## Your instructions
Your answer should consist of every line in the records that holds "theorem".
□ □ □ □ □ □ □
text \<open>The lift comes from completing a morphism out of the rotated trivial triangle on W.\<close>
lemma tri_cov_exact:
  assumes T: "(X, Y, Z, u, v, w) \<in> Tri C" and f: "f \<in> Hom C W Y"
    and vf: "cmp C v f = zer C W Z"
  shows "\<exists>g \<in> Hom C W X. cmp C u g = f"
proof -
  obtain Z0 where Z0: "is_zero C Z0" using zero_exists by blast
  note h = tri_homs[OF T]
  have W: "W \<in> Ob C" using hom_obD f by blast
  have z: "zer C Z0 Z \<in> Hom C Z0 Z" using zer_hom is_zero_ob[OF Z0] h(3) by blast
  have "cmp C (zer C Z0 Z) (zer C W Z0) = cmp C v f"
    using cmp_zer_right[OF z W] vf by simp
  then obtain c where c: "c \<in> Hom C (shO C W) (shO C X)"
    "cmp C (shM C f) (mneg C (shM C (idm C W))) = cmp C (mneg C (shM C u)) c"
    using tri_complete[OF tri_rotate[OF tri_idm[OF W Z0]] tri_rotate[OF T] f z] by blast
  have f1: "shM C f \<in> Hom C (shO C W) (shO C Y)" using shM_hom f by blast
  have u1: "shM C u \<in> Hom C (shO C X) (shO C Y)" using shM_hom h(4) by blast
  have "shM C (idm C W) = idm C (shO C W)" using shift_ok_C W unfolding shift_ok_def by simp
  then have "mneg C (shM C f) = mneg C (cmp C (shM C u) c)"
    using c(2) cmp_smul_right[OF idm_hom[OF shO_ob[OF W]] f1] cmp_idm_right[OF f1]
      cmp_smul_left[OF c(1) u1] unfolding mneg_def by simp
  then have e: "shM C f = cmp C (shM C u) c"
    using mneg_mneg f1 cmp_hom[OF c(1) u1] by metis
  obtain g where g: "g \<in> Hom C W X" "shM C g = c" using shM_surj[OF W h(1) c(1)] by blast
  have "shM C (cmp C u g) = shM C f"
    using shift_ok_C g h(4) e unfolding shift_ok_def by auto
  then have "cmp C u g = f" using shM_inj cmp_hom[OF g(1) h(4)] f by blast
  then show ?thesis using g by blast
qed
lemma edge_determining_from_transversal:
  assumes U: "U \<subseteq> rigid_components"
    and U_distinct: "\<And>u u'. u \<in> U \<Longrightarrow> u' \<in> U \<Longrightarrow> (u, u') \<in> rigid_iso \<Longrightarrow> u = u'"
    and TC: "\<And>C. C \<in> det_components \<Longrightarrow> edge_determining C (edges_of C) (TC C)"
    and ed: "\<And>C. C \<in> rigid_components - U \<Longrightarrow> ed C \<in> edges_of C"
  shows "edge_determining V E ((\<Union>C\<in>det_components. TC C) \<union> ed ` (rigid_components - U))"
    (is "edge_determining V E ?T")
  unfolding edge_determining_def
proof (intro conjI allI impI)
  let ?marked = "det_components \<union> (rigid_components - U)"
  have TC_sub: "TC C \<subseteq> edges_of C" if "C \<in> det_components" for C
    using TC[OF that] by (simp add: edge_determining_def)
  show "?T \<subseteq> E"
    using TC_sub ed induced_edges_subset by blast
  fix \<phi>
  assume "is_aut V E \<phi> \<and> (\<forall>e\<in>?T. fixes_edge \<phi> e)"
  then have \<phi>: "is_aut V E \<phi>" and T_fixed: "\<And>e. e \<in> ?T \<Longrightarrow> fixes_edge \<phi> e"
    by auto
  have marked_fixed: "\<phi> ` C = C" if "C \<in> ?marked" for C
  proof (cases "C \<in> det_components")
    case True
    have "TC C \<noteq> {}"
      using det_index_le[OF TC[OF True]] True by (auto simp: det_components_def)
    then obtain e where e: "e \<in> TC C"
      by blast
    have "C \<in> components V E"
      using True by (simp add: det_components_def)
    moreover have "e \<in> ?T"
      using e True by blast
    ultimately show ?thesis
      using is_aut_fixes_component[OF \<phi> _ _ T_fixed] TC_sub[OF True] e by blast
  next
    case False
    then have "C \<in> rigid_components - U"
      using that by blast
    then show ?thesis
      using is_aut_fixes_component[OF \<phi> _ ed T_fixed] by (auto simp: rigid_components_def)
  qed
  have "\<phi> ` C = C" if C: "C \<in> components V E" for C
  proof (cases "C \<in> ?marked")
    case True
    then show ?thesis
      using marked_fixed by blast
  next
    case False
    then have "C \<in> U"
      using C by (auto simp: det_components_def rigid_components_def)
    have D: "\<phi> ` C \<in> components V E"
      using is_aut_image_component[OF \<phi> C] .
    have "\<phi> ` C \<notin> ?marked"
    proof
      assume "\<phi> ` C \<in> ?marked"
      then have "\<phi> ` (\<phi> ` C) = \<phi> ` C"
        using marked_fixed by blast
      then have "\<phi> ` C = C"
        using inj_on_image_eq_iff[OF is_aut_inj_on[OF \<phi>] component_subset[OF D] component_subset[OF C]]
        by simp
      then show False
        using False \<open>\<phi> ` C \<in> ?marked\<close> by simp
    qed
    then have "\<phi> ` C \<in> U"
      using D by (auto simp: det_components_def rigid_components_def)
    moreover have "(C, \<phi> ` C) \<in> rigid_iso"
      using is_aut_component_iso[OF \<phi> C] U \<open>C \<in> U\<close> calculation by (auto simp: rigid_iso_def)
    ultimately show ?thesis
      using U_distinct \<open>C \<in> U\<close> by blast
  qed
  moreover have "\<exists>T. edge_determining C (edges_of C) T \<and> (\<forall>e\<in>T. fixes_edge \<phi> e)"
    if "C \<in> det_components" for C
    using TC[OF that] T_fixed that by blast
  ultimately show "\<phi> = id"
    using aut_eq_id_if_components_fixed[OF \<phi>] by blast
qed

lemma edge_determining_card_upper_bound:
  obtains T where "edge_determining V E T"
    "card T + card (rigid_components // rigid_iso)
       \<le> (\<Sum>C\<in>det_components. component_det C) + card rigid_components"
proof -
  obtain U where U: "U \<subseteq> rigid_components" "card U = card (rigid_components // rigid_iso)"
    and U_cover: "\<And>C. C \<in> rigid_components \<Longrightarrow> \<exists>u\<in>U. (C, u) \<in> rigid_iso"
    and U_distinct: "\<And>u u'. u \<in> U \<Longrightarrow> u' \<in> U \<Longrightarrow> (u, u') \<in> rigid_iso \<Longrightarrow> u = u'"
    using obtain_transversal[OF equiv_rigid_iso] by blast
  have "\<forall>C\<in>det_components. \<exists>T. edge_determining C (edges_of C) T \<and> card T = component_det C"
    using det_index_attained[OF component_edge_determining] by (metis det_components_def mem_Collect_eq)
  then obtain TC where TC: "\<And>C. C \<in> det_components \<Longrightarrow>
      edge_determining C (edges_of C) (TC C) \<and> card (TC C) = component_det C"
    by metis
  have "\<exists>e. e \<in> edges_of C" if C: "C \<in> rigid_components - U" for C
  proof -
    obtain u where "u \<in> U" "(C, u) \<in> rigid_iso"
      using U_cover C by blast
    then have u: "u \<noteq> C" "graph_iso C (edges_of C) u (edges_of u)" "u \<in> components V E"
      using C by (auto simp: rigid_iso_def rigid_components_def)
    have "card C \<noteq> 1"
    proof
      assume "card C = 1"
      then have "card u = 1"
        using graph_iso_card[OF u(2)] by simp
      then show False
        using card_one_components_eq[OF _ u(3) \<open>card C = 1\<close>] u(1) C
        by (auto simp: rigid_components_def)
    qed
    moreover have "C \<in> components V E"
      using C by (simp add: rigid_components_def)
    ultimately show ?thesis
      using component_has_edge by blast
  qed
  then obtain ed where ed: "\<And>C. C \<in> rigid_components - U \<Longrightarrow> ed C \<in> edges_of C"
    by metis
  let ?T = "(\<Union>C\<in>det_components. TC C) \<union> ed ` (rigid_components - U)"
  have "edge_determining V E ?T"
    using edge_determining_from_transversal[OF U(1) U_distinct] TC ed by blast
  moreover have "card ?T \<le> card (\<Union>C\<in>det_components. TC C) + card (ed ` (rigid_components - U))"
    by (rule card_Un_le)
  moreover have "card (\<Union>C\<in>det_components. TC C) \<le> (\<Sum>C\<in>det_components. card (TC C))"
    using finite_det_components by (rule card_UN_le)
  moreover have "card (ed ` (rigid_components - U)) \<le> card (rigid_components - U)"
    using finite_rigid_components by (intro card_image_le) simp
  moreover have "(\<Sum>C\<in>det_components. card (TC C)) = (\<Sum>C\<in>det_components. component_det C)"
    using TC by simp
  moreover have "card (rigid_components - U) + card U = card rigid_components"
    using U(1) finite_rigid_components card_Diff_subset[of U rigid_components]
      card_mono[of rigid_components U] finite_subset[of U rigid_components]
    by simp
  ultimately show thesis
    using that[of ?T] U(2) by linarith
qed

theorem det_index_eq:
  "int (det_index V E) = int (card rigid_components) - int (card (rigid_components // rigid_iso))
     + (\<Sum>C\<in>det_components. int (component_det C))"
proof -
  obtain T where T: "edge_determining V E T" "card T = det_index V E"
    using det_index_attained[OF edge_determining_all_edges] .
  obtain T' where T': "edge_determining V E T'"
    "card T' + card (rigid_components // rigid_iso)
       \<le> (\<Sum>C\<in>det_components. component_det C) + card rigid_components"
    using edge_determining_card_upper_bound .
  have "det_index V E \<le> card T'"
    using det_index_le[OF T'(1)] .
  moreover have "(\<Sum>C\<in>det_components. component_det C) + card rigid_components
      \<le> det_index V E + card (rigid_components // rigid_iso)"
    using edge_determining_card_lower_bound[OF T(1)] T(2) by simp
  moreover have "(\<Sum>C\<in>det_components. int (component_det C)) = int (\<Sum>C\<in>det_components. component_det C)"
    by simp
  ultimately show ?thesis
    using T'(2) by linarith
qed

end

theorem lemma1:
  fixes V :: "'a set" and E :: "'a set set"
  assumes "simple_graph V E"
    and "card {C \<in> components V E. is_complete_graph 1 C (induced_edges E C)} \<le> 1"
    and "\<forall>C \<in> components V E. \<not> is_complete_graph 2 C (induced_edges E C)"
  defines "P \<equiv> {C \<in> components V E. det_index C (induced_edges E C) > 0}"
    and "Q \<equiv> {C \<in> components V E. det_index C (induced_edges E C) = 0}"
  defines "R \<equiv> Q // {(C, D). C \<in> Q \<and> D \<in> Q \<and>
                 graph_iso C (induced_edges E C) D (induced_edges E D)}"
  shows "int (det_index V E) =
           int (card Q) - int (card R) + (\<Sum>C\<in>P. int (det_index C (induced_edges E C)))"
proof -
  interpret admissible_graph V E
    using assms(1-3) by unfold_locales
  show ?thesis
    using det_index_eq
    unfolding P_def Q_def R_def det_components_def rigid_components_def rigid_iso_def .
qed

end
□ □ □ □ □ □ □
## Response for this exercise
theorem det_index_eq:
theorem lemma1:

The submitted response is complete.